Records excerpted from a collection
(* If two simple directed graphs $G_1=(V,D_1)$ and $G_2=(V,D_2)$ have the same Jacobian matroid and at least one of them is not complete, then they have the same sink nodes (nodes with no children).
   Context: A directed graph $G=(V,D)$ has edge set $D\subseteq V\times V$ of ordered pairs $(i,j)$, $i\neq j$. It is simple if $(i,j)$ and $(j,i)$ are never both in $D$. It is complete if every pair of distinct nodes is adjacent. $\Lambda$ is the $V\times V$ matrix with indeterminate entries $\lambda_{ij}$ for $(i,j)\in D$ and zeros elsewhere, and $s$ is a further indeterminate. Let $\psi_G(\Lambda,s)=s(I-\Lambda)(I-\Lambda)^T=K$. The transposed Jacobian $J(\psi_G)$ has rows indexed by $\{\lambda_{kl}:(k,l)\in D\}\cup\{s\}$ and columns indexed by $K_{ij}$, $i\le j$, with entries $\partial K_{ij}/\partial\theta$. The Jacobian matroid of $G$ is the matroid on the column labels in which a set is independent iff its columns are linearly independent over $\mathbb{R}(\lambda,s)$. *)

theory Defs
  imports Complex_Main "HOL-Library.Poly_Mapping" "HOL-Library.Option_ord" "HOL-Library.Product_Lexorder"
          "HOL-Computational_Algebra.Fraction_Field"
begin

type_synonym 'x mpoly = "('x \<Rightarrow>\<^sub>0 nat) \<Rightarrow>\<^sub>0 real"

definition mvar :: "'x \<Rightarrow> 'x mpoly" where
  "mvar x = Poly_Mapping.single (Poly_Mapping.single x 1) 1"

definition pdiff :: "'x \<Rightarrow> 'x mpoly \<Rightarrow> 'x mpoly" where
  "pdiff x p = (\<Sum>m\<in>Poly_Mapping.keys p.
      Poly_Mapping.single (m - Poly_Mapping.single x 1)
        (Poly_Mapping.lookup p m * real (Poly_Mapping.lookup m x)))"

section \<open>Directed graphs on the vertex type 'v (V = UNIV)\<close>

definition simple_digraph :: "('v \<times> 'v) set \<Rightarrow> bool" where
  "simple_digraph D \<longleftrightarrow> (\<forall>(i,j)\<in>D. i \<noteq> j \<and> (j,i) \<notin> D)"

definition complete_digraph :: "('v \<times> 'v) set \<Rightarrow> bool" where
  "complete_digraph D \<longleftrightarrow> (\<forall>i j. i \<noteq> j \<longrightarrow> (i,j) \<in> D \<or> (j,i) \<in> D)"

definition sinks :: "('v \<times> 'v) set \<Rightarrow> 'v set" where
  "sinks D = {i. \<forall>j. (i,j) \<notin> D}"

text \<open>Indeterminates: Some (k,l) stands for lambda_kl, None stands for s.\<close>

definition lam :: "('v \<times> 'v) set \<Rightarrow> 'v \<Rightarrow> 'v \<Rightarrow> ('v \<times> 'v) option mpoly" where
  "lam D i j = (if (i,j) \<in> D then mvar (Some (i,j)) else 0)"

definition IminusLam :: "('v \<times> 'v) set \<Rightarrow> 'v \<Rightarrow> 'v \<Rightarrow> ('v \<times> 'v) option mpoly" where
  "IminusLam D i k = (if i = k then 1 else 0) - lam D i k"

text \<open>Entry K_ij of K = s (I - Lambda)(I - Lambda)^T.\<close>
definition Kentry :: "('v::finite \<times> 'v) set \<Rightarrow> 'v \<Rightarrow> 'v \<Rightarrow> ('v \<times> 'v) option mpoly" where
  "Kentry D i j = mvar None * (\<Sum>k\<in>UNIV. IminusLam D i k * IminusLam D j k)"

text \<open>Row labels of the transposed Jacobian: lambda_kl for (k,l) in D, and s.\<close>
definition jac_rows :: "('v \<times> 'v) set \<Rightarrow> ('v \<times> 'v) option set" where
  "jac_rows D = insert None (Some ` D)"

■ EXERCISE DETAILS
Could you transcribe each entry exactly as it stands?

■ OUTPUT FOR THIS TASK
(* If two simple directed graphs $G_1=(V,D_1)$ and $G_2=(V,D_2)$ have the same Jacobian matroid and at least one of them is not complete, then they have the same sink nodes (nodes with no children).
   Context: A directed graph $G=(V,D)$ has edge set $D\subseteq V\times V$ of ordered pairs $(i,j)$, $i\neq j$. It is simple if $(i,j)$ and $(j,i)$ are never both in $D$. It is complete if every pair of distinct nodes is adjacent. $\Lambda$ is the $V\times V$ matrix with indeterminate entries $\lambda_{ij}$ for $(i,j)\in D$ and zeros elsewhere, and $s$ is a further indeterminate. Let $\psi_G(\Lambda,s)=s(I-\Lambda)(I-\Lambda)^T=K$. The transposed Jacobian $J(\psi_G)$ has rows indexed by $\{\lambda_{kl}:(k,l)\in D\}\cup\{s\}$ and columns indexed by $K_{ij}$, $i\le j$, with entries $\partial K_{ij}/\partial\theta$. The Jacobian matroid of $G$ is the matroid on the column labels in which a set is independent iff its columns are linearly independent over $\mathbb{R}(\lambda,s)$. *)

theory Defs
  imports Complex_Main "HOL-Library.Poly_Mapping" "HOL-Library.Option_ord" "HOL-Library.Product_Lexorder"
          "HOL-Computational_Algebra.Fraction_Field"
begin

type_synonym 'x mpoly = "('x \<Rightarrow>\<^sub>0 nat) \<Rightarrow>\<^sub>0 real"

definition mvar :: "'x \<Rightarrow> 'x mpoly" where
  "mvar x = Poly_Mapping.single (Poly_Mapping.single x 1) 1"

definition pdiff :: "'x \<Rightarrow> 'x mpoly \<Rightarrow> 'x mpoly" where
  "pdiff x p = (\<Sum>m\<in>Poly_Mapping.keys p.
      Poly_Mapping.single (m - Poly_Mapping.single x 1)
        (Poly_Mapping.lookup p m * real (Poly_Mapping.lookup m x)))"

section \<open>Directed graphs on the vertex type 'v (V = UNIV)\<close>

definition simple_digraph :: "('v \<times> 'v) set \<Rightarrow> bool" where
  "simple_digraph D \<longleftrightarrow> (\<forall>(i,j)\<in>D. i \<noteq> j \<and> (j,i) \<notin> D)"

definition complete_digraph :: "('v \<times> 'v) set \<Rightarrow> bool" where
  "complete_digraph D \<longleftrightarrow> (\<forall>i j. i \<noteq> j \<longrightarrow> (i,j) \<in> D \<or> (j,i) \<in> D)"

definition sinks :: "('v \<times> 'v) set \<Rightarrow> 'v set" where
  "sinks D = {i. \<forall>j. (i,j) \<notin> D}"

text \<open>Indeterminates: Some (k,l) stands for lambda_kl, None stands for s.\<close>

definition lam :: "('v \<times> 'v) set \<Rightarrow> 'v \<Rightarrow> 'v \<Rightarrow> ('v \<times> 'v) option mpoly" where
  "lam D i j = (if (i,j) \<in> D then mvar (Some (i,j)) else 0)"

definition IminusLam :: "('v \<times> 'v) set \<Rightarrow> 'v \<Rightarrow> 'v \<Rightarrow> ('v \<times> 'v) option mpoly" where
  "IminusLam D i k = (if i = k then 1 else 0) - lam D i k"

text \<open>Entry K_ij of K = s (I - Lambda)(I - Lambda)^T.\<close>
definition Kentry :: "('v::finite \<times> 'v) set \<Rightarrow> 'v \<Rightarrow> 'v \<Rightarrow> ('v \<times> 'v) option mpoly" where
  "Kentry D i j = mvar None * (\<Sum>k\<in>UNIV. IminusLam D i k * IminusLam D j k)"

text \<open>Row labels of the transposed Jacobian: lambda_kl for (k,l) in D, and s.\<close>
definition jac_rows :: "('v \<times> 'v) set \<Rightarrow> ('v \<times> 'v) option set" where
  "jac_rows D = insert None (Some ` D)"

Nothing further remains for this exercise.